=== Source data ===

(* Let $k\ge 1$ and let $T,\widetilde{T}$ be binary phylogenetic $X$-trees with $|X|=2k$ and $A_k(T)=A_k(\widetilde{T})$. Let $[x,y]$ be a cherry of $T$, and let $P=x,\beta_1,\ldots,\beta_m,y$ be the unique $x$-$y$ path in $\widetilde{T}$. Deleting all vertices of $P$ (and their incident edges) from $\widetilde{T}$ yields trees $T_{A_1},\ldots,T_{A_m}$ (where $T_{A_i}$ was attached to $\beta_i$) with leaf sets $A_1,\ldots,A_m$. Then $|A_i|$ is even for every $i\in\{1,\dots,m\}$.
   Context: A phylogenetic $X$-tree is a tree with no vertices of degree 2 whose leaves are bijectively labelled by (and identified with) $X$; binary means maximum degree 3. A cherry $[x,y]$ is a pair of leaves adjacent to the same vertex. For a binary character $f: X\to\{a,b\}$, $l(f,T)$ is the minimum, over all maps $g:V(T)\to\{a,b\}$ with $g|_X=f$, of the number of edges $\{u,v\}$ with $g(u)\ne g(v)$; $A_k(T)$ is the set of all binary characters $f$ on $X$ with $l(f,T)=k$. *)

theory Defs
  imports Main "HOL-Library.FuncSet"
begin

text \<open>Graphs: a finite vertex set V and a set E of undirected edges, each a 2-element subset of V.\<close>

definition adj_in :: "'v set set \<Rightarrow> 'v set \<Rightarrow> ('v \<times> 'v) set" where
  "adj_in E W = {(a, b). {a, b} \<in> E \<and> a \<in> W \<and> b \<in> W}"

definition connected_graph :: "'v set \<Rightarrow> 'v set set \<Rightarrow> bool" where
  "connected_graph V E \<longleftrightarrow> (\<forall>u\<in>V. \<forall>v\<in>V. (u, v) \<in> (adj_in E V)\<^sup>*)"

definition is_tree :: "'v set \<Rightarrow> 'v set set \<Rightarrow> bool" where
  "is_tree V E \<longleftrightarrow> finite V \<and> V \<noteq> {} \<and>
     (\<forall>e\<in>E. e \<subseteq> V \<and> card e = 2) \<and> connected_graph V E \<and> card E + 1 = card V"

definition degree :: "'v set set \<Rightarrow> 'v \<Rightarrow> nat" where
  "degree E v = card {e \<in> E. v \<in> e}"

definition binary_phylo_tree :: "'v set \<Rightarrow> 'v set \<Rightarrow> 'v set set \<Rightarrow> bool" where
  "binary_phylo_tree X V E \<longleftrightarrow> is_tree V E \<and> X \<subseteq> V \<and>
     X = {v \<in> V. degree E v = 1} \<and>
     (\<forall>v\<in>V. degree E v \<noteq> 2 \<and> degree E v \<le> 3)"

definition changes :: "'v set set \<Rightarrow> ('v \<Rightarrow> bool) \<Rightarrow> nat" where
  "changes E g = card {e \<in> E. \<exists>u v. e = {u, v} \<and> g u \<noteq> g v}"

text \<open>Parsimony score l(f,T) of a binary character f (states a,b encoded as bool).\<close>
definition parsimony :: "'v set \<Rightarrow> 'v set set \<Rightarrow> ('v \<Rightarrow> bool) \<Rightarrow> nat" where
  "parsimony X E f = Min {changes E g | g. \<forall>x\<in>X. g x = f x}"

definition A_set :: "nat \<Rightarrow> 'v set \<Rightarrow> 'v set set \<Rightarrow> ('v \<Rightarrow> bool) set" where
  "A_set k X E = {f \<in> extensional X. parsimony X E f = k}"

definition is_cherry :: "'v set \<Rightarrow> 'v set \<Rightarrow> 'v set set \<Rightarrow> 'v \<Rightarrow> 'v \<Rightarrow> bool" where
  "is_cherry X V E x y \<longleftrightarrow> x \<in> X \<and> y \<in> X \<and> x \<noteq> y \<and>
     (\<exists>w\<in>V. {x, w} \<in> E \<and> {y, w} \<in> E)"

definition is_path :: "'v set set \<Rightarrow> 'v list \<Rightarrow> bool" where
  "is_path E ps \<longleftrightarrow> ps \<noteq> [] \<and> distinct ps \<and>
     (\<forall>i. Suc i < length ps \<longrightarrow> {ps ! i, ps ! Suc i} \<in> E)"

text \<open>Leaf set of the part of the tree hanging off path vertex b after deleting the
  path vertices: the leaves reachable from b without using any other path vertex.\<close>
definition attached_leaves ::
  "'v set \<Rightarrow> 'v set \<Rightarrow> 'v set set \<Rightarrow> 'v set \<Rightarrow> 'v \<Rightarrow> 'v set" where
  "attached_leaves X V E P b =
     {z \<in> X. z \<notin> P \<and> (b, z) \<in> (adj_in E ((V - P) \<union> {b}))\<^sup>*}"

end

theory Submission
  imports Defs
begin

text \<open>Suppose some subtree hanging off the \<open>x\<close>--\<open>y\<close> path of the second tree \<open>T'\<close> has an odd number of leaves, and
  take the first one along the path. Cutting the path just after its attachment vertex splits
  \<open>T'\<close> into two connected pieces, one containing \<open>x\<close> and the other \<open>y\<close>, each with an even number
  of leaves. In each piece the leaves can be paired up by edge-disjoint walks; colouring one end of
  every walk \<open>True\<close>, with \<open>x\<close> and \<open>y\<close> among them, gives a character with \<open>k\<close> leaves in each state,
  and its \<open>k\<close> edge-disjoint bichromatic walks force score \<open>k\<close> in \<open>T'\<close>. So the character lies in
  \<open>A\<^sub>k(T') = A\<^sub>k(T)\<close>; but in \<open>T\<close> the cherry \<open>[x,y]\<close> is monochromatic, and colouring its parent
  \<open>True\<close> as well gives an extension with at most \<open>k - 1\<close> changes.\<close>

subsection \<open>Reachability in induced subgraphs\<close>

lemma adj_in_swap: "(a, b) \<in> adj_in E W \<Longrightarrow> (b, a) \<in> adj_in E W"
  by (auto simp: adj_in_def insert_commute)

lemma rtrancl_adj_in_swap:
  assumes "(a, b) \<in> (adj_in E W)\<^sup>*"
  shows "(b, a) \<in> (adj_in E W)\<^sup>*"
proof -
  have "(adj_in E W)\<inverse> = adj_in E W"
    using adj_in_swap by auto
  with assms show ?thesis
    by (metis converse_iff rtrancl_converse)
qed

lemma adj_in_mono: "A \<subseteq> B \<Longrightarrow> adj_in E A \<subseteq> adj_in E B"
  by (auto simp: adj_in_def)

lemma rtrancl_adj_in_mono:
  "A \<subseteq> B \<Longrightarrow> (a, b) \<in> (adj_in E A)\<^sup>* \<Longrightarrow> (a, b) \<in> (adj_in E B)\<^sup>*"
  using rtrancl_mono[OF adj_in_mono] by blast

lemma rtrancl_adj_in_target: "(a, b) \<in> (adj_in E A)\<^sup>* \<Longrightarrow> b = a \<or> b \<in> A"
  by (induct rule: rtrancl_induct) (auto simp: adj_in_def)

lemma rtrancl_adj_in_within_reachable:
  "(a, b) \<in> (adj_in E A)\<^sup>* \<Longrightarrow> (a, b) \<in> (adj_in E {v. (a, v) \<in> (adj_in E A)\<^sup>*})\<^sup>*"
proof (induct rule: rtrancl_induct)
  case (step c b)
  then have "(c, b) \<in> adj_in E {v. (a, v) \<in> (adj_in E A)\<^sup>*}"
    by (auto simp: adj_in_def intro: rtrancl_into_rtrancl)
  with step.hyps(3) show ?case
    by (rule rtrancl_into_rtrancl)
qed simp

lemma rtrancl_adj_in_first_step:
  assumes "(a, v) \<in> (adj_in E (B \<union> {a}))\<^sup>*" "v \<noteq> a" "a \<notin> B"
  shows "\<exists>w. {a, w} \<in> E \<and> w \<in> B \<and> (w, v) \<in> (adj_in E B)\<^sup>*"
  using assms(1,2)
proof (induct rule: rtrancl_induct)
  case (step c v)
  show ?case
  proof (cases "c = a")
    case True
    then show ?thesis using step by (auto simp: adj_in_def)
  next
    case False
    then obtain w where w: "{a, w} \<in> E" "w \<in> B" "(w, c) \<in> (adj_in E B)\<^sup>*"
      using step by blast
    have "(c, v) \<in> adj_in E B"
      using step(2) False step(4) by (auto simp: adj_in_def)
    then show ?thesis using w by (meson rtrancl_into_rtrancl)
  qed
qed simp

lemma connected_graphI_root:
  assumes "\<And>v. v \<in> V \<Longrightarrow> (r, v) \<in> (adj_in E V)\<^sup>*"
  shows "connected_graph V E"
  unfolding connected_graph_def
  by (meson assms rtrancl_adj_in_swap rtrancl_trans)

lemma connected_graph_neighbour:
  assumes "connected_graph V E" "\<forall>e\<in>E. card e = 2" "v \<in> V" "z \<in> V - {v}"
  obtains u where "{v, u} \<in> E" "u \<in> V - {v}"
proof -
  have "(v, z) \<in> (adj_in E V)\<^sup>*" "v \<noteq> z"
    using assms(1,3,4) unfolding connected_graph_def by auto
  then obtain u where "(v, u) \<in> adj_in E V"
    by (meson converse_rtranclE)
  then have u: "{v, u} \<in> E" "u \<in> V"
    by (auto simp: adj_in_def)
  then have "card {v, u} = 2"
    using assms(2) by blast
  then have "u \<noteq> v"
    by auto
  with u that show ?thesis
    by blast
qed

lemma adj_in_avoiding:
  "B \<subseteq> V \<Longrightarrow> z \<in> e \<Longrightarrow> z \<notin> B \<Longrightarrow> adj_in E B \<subseteq> adj_in (E - {e}) V"
  by (auto simp: adj_in_def)

subsection \<open>Hop distance, non-cut vertices and bridges\<close>

definition hops :: "('v \<times> 'v) set \<Rightarrow> 'v \<Rightarrow> 'v \<Rightarrow> nat" where
  "hops R r v = (LEAST n. (v, r) \<in> R ^^ n)"

lemma hops_relpow: "(v, r) \<in> R\<^sup>* \<Longrightarrow> (v, r) \<in> R ^^ hops R r v"
  unfolding hops_def by (metis LeastI_ex rtrancl_power)

lemma hops_le: "(v, r) \<in> R ^^ n \<Longrightarrow> hops R r v \<le> n"
  unfolding hops_def by (rule Least_le)

lemma hops_eq_0_iff:
  assumes "(v, r) \<in> R\<^sup>*" shows "hops R r v = 0 \<longleftrightarrow> v = r"
proof
  show "hops R r v = 0 \<Longrightarrow> v = r"
    using hops_relpow[OF assms] by simp
  show "v = r \<Longrightarrow> hops R r v = 0"
    using hops_le[where n = 0] by fastforce
qed

lemma hops_step:
  assumes "(v, r) \<in> R\<^sup>*" "v \<noteq> r"
  obtains u where "(v, u) \<in> R" "(u, r) \<in> R\<^sup>*" "hops R r u = hops R r v - 1"
proof -
  obtain m where m: "hops R r v = Suc m"
    using assms hops_eq_0_iff by (metis not0_implies_Suc)
  then have "(v, r) \<in> R ^^ Suc m"
    using hops_relpow[OF assms(1)] by simp
  then obtain u where u: "(v, u) \<in> R" "(u, r) \<in> R ^^ m"
    by (meson relpow_Suc_D2)
  have ur: "(u, r) \<in> R\<^sup>*"
    using u(2) relpow_imp_rtrancl by blast
  have "(v, r) \<in> R ^^ Suc (hops R r u)"
    using u(1) hops_relpow[OF ur] by (meson relpow_Suc_I2)
  then have "Suc m \<le> Suc (hops R r u)"
    using hops_le m by metis
  with hops_le[OF u(2)] have "hops R r u = m" by simp
  with that u(1) ur m show ?thesis by simp
qed

text \<open>A vertex farthest from some root is never a cut vertex.\<close>

lemma connected_graph_remove_vertex:
  assumes fin: "finite V" and con: "connected_graph V E" and two: "2 \<le> card V"
  obtains v where "v \<in> V" "connected_graph (V - {v}) E"
proof -
  let ?R = "adj_in E V"
  obtain r where r: "r \<in> V"
    using two by fastforce
  define d where "d = hops ?R r"
  have reach: "(v, r) \<in> ?R\<^sup>*" if "v \<in> V" for v
    using con r that unfolding connected_graph_def by blast
  have "Max (d ` V) \<in> d ` V"
    using fin r by (intro Max_in) auto
  then obtain v where v: "v \<in> V" "d v = Max (d ` V)"
    by (metis imageE)
  have far: "d w \<le> d v" if "w \<in> V" for w
    using fin that unfolding v(2) by simp
  have "card (V - {r}) \<noteq> 0"
    using two r fin by simp
  then obtain w where "w \<in> V - {r}"
    by (metis card.empty ex_in_conv)
  then have w: "w \<in> V" "w \<noteq> r"
    by auto
  have "0 < d w"
    using hops_eq_0_iff[OF reach[OF w(1)]] w(2) unfolding d_def by simp
  with far[OF w(1)] have "v \<noteq> r"
    using hops_eq_0_iff[OF reach[OF r]] unfolding d_def by auto
  have "(w, r) \<in> (adj_in E (V - {v}))\<^sup>*" if "w \<in> V" "w \<noteq> v" "d w = m" for w m
    using that
  proof (induction m arbitrary: w)
    case 0
    then show ?case
      using hops_eq_0_iff[OF reach] unfolding d_def by simp
  next
    case (Suc m)
    have "w \<noteq> r"
      using hops_eq_0_iff[OF reach[OF Suc.prems(1)]] Suc.prems(3) unfolding d_def by simp
    then obtain u where u: "(w, u) \<in> ?R" "d u = d w - 1"
      using hops_step[OF reach[OF Suc.prems(1)]] unfolding d_def by blast
    have uV: "u \<in> V"
      using u(1) by (auto simp: adj_in_def)
    have uv: "u \<noteq> v"
      using far[OF Suc.prems(1)] Suc.prems(3) u(2) by auto
    have "(w, u) \<in> adj_in E (V - {v})"
      using u(1) uV uv Suc.prems(1,2) by (auto simp: adj_in_def)
    moreover have "(u, r) \<in> (adj_in E (V - {v}))\<^sup>*"
      using Suc.IH[OF uV uv] u(2) Suc.prems(3) by simp
    ultimately show ?case by (rule converse_rtrancl_into_rtrancl)
  qed
  then have "connected_graph (V - {v}) E"
    by (intro connected_graphI_root[of _ r]) (auto intro: rtrancl_adj_in_swap)
  with v(1) that show ?thesis by blast
qed

lemma connected_graph_card_le:
  assumes fin: "finite V" "finite E" and con: "connected_graph V E"
  shows "card V \<le> Suc (card E)"
proof (cases "V = {}")
  case False
  let ?R = "adj_in E V"
  obtain r where r: "r \<in> V" using False by blast
  define d where "d = hops ?R r"
  have reach: "(v, r) \<in> ?R\<^sup>*" if "v \<in> V" for v
    using con r that unfolding connected_graph_def by blast
  have "\<exists>u. (v, u) \<in> ?R \<and> d u < d v" if "v \<in> V - {r}" for v
  proof -
    have v: "v \<in> V" "v \<noteq> r"
      using that by auto
    obtain u where "(v, u) \<in> ?R" "d u = d v - 1"
      using hops_step[OF reach[OF v(1)] v(2)] unfolding d_def by blast
    moreover have "d v \<noteq> 0"
      using hops_eq_0_iff[OF reach[OF v(1)]] v(2) unfolding d_def by blast
    ultimately show ?thesis by auto
  qed
  then obtain parent where parent: "\<And>v. v \<in> V - {r} \<Longrightarrow> (v, parent v) \<in> ?R \<and> d (parent v) < d v"
    by metis
  \<comment> \<open>every non-root vertex owns the edge to its parent\<close>
  have "inj_on (\<lambda>v. {v, parent v}) (V - {r})"
  proof (rule inj_onI)
    fix a b assume a: "a \<in> V - {r}" and b: "b \<in> V - {r}" and eq: "{a, parent a} = {b, parent b}"
    show "a = b"
    proof (rule ccontr)
      assume "a \<noteq> b"
      with eq have "a = parent b" "b = parent a" by (auto simp: doubleton_eq_iff)
      moreover have "d (parent a) < d a" "d (parent b) < d b"
        using parent a b by blast+
      ultimately show False by (metis less_asym)
    qed
  qed
  moreover have "(\<lambda>v. {v, parent v}) ` (V - {r}) \<subseteq> E"
    using parent unfolding adj_in_def by auto
  ultimately have "card (V - {r}) \<le> card E"
    using fin(2) card_inj_on_le by blast
  then show ?thesis using r fin(1) by simp
qed simp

===

* What is needed
Return exactly the lines from the beginning of the data above through the one containing "E \<longleftrightarrow> (\<forall>u\<in>V.", please. Include both end lines and add nothing else.

* Written response
(* Let $k\ge 1$ and let $T,\widetilde{T}$ be binary phylogenetic $X$-trees with $|X|=2k$ and $A_k(T)=A_k(\widetilde{T})$. Let $[x,y]$ be a cherry of $T$, and let $P=x,\beta_1,\ldots,\beta_m,y$ be the unique $x$-$y$ path in $\widetilde{T}$. Deleting all vertices of $P$ (and their incident edges) from $\widetilde{T}$ yields trees $T_{A_1},\ldots,T_{A_m}$ (where $T_{A_i}$ was attached to $\beta_i$) with leaf sets $A_1,\ldots,A_m$. Then $|A_i|$ is even for every $i\in\{1,\dots,m\}$.
   Context: A phylogenetic $X$-tree is a tree with no vertices of degree 2 whose leaves are bijectively labelled by (and identified with) $X$; binary means maximum degree 3. A cherry $[x,y]$ is a pair of leaves adjacent to the same vertex. For a binary character $f: X\to\{a,b\}$, $l(f,T)$ is the minimum, over all maps $g:V(T)\to\{a,b\}$ with $g|_X=f$, of the number of edges $\{u,v\}$ with $g(u)\ne g(v)$; $A_k(T)$ is the set of all binary characters $f$ on $X$ with $l(f,T)=k$. *)

theory Defs
  imports Main "HOL-Library.FuncSet"
begin

text \<open>Graphs: a finite vertex set V and a set E of undirected edges, each a 2-element subset of V.\<close>

definition adj_in :: "'v set set \<Rightarrow> 'v set \<Rightarrow> ('v \<times> 'v) set" where
  "adj_in E W = {(a, b). {a, b} \<in> E \<and> a \<in> W \<and> b \<in> W}"

definition connected_graph :: "'v set \<Rightarrow> 'v set set \<Rightarrow> bool" where
  "connected_graph V E \<longleftrightarrow> (\<forall>u\<in>V. \<forall>v\<in>V. (u, v) \<in> (adj_in E V)\<^sup>*)"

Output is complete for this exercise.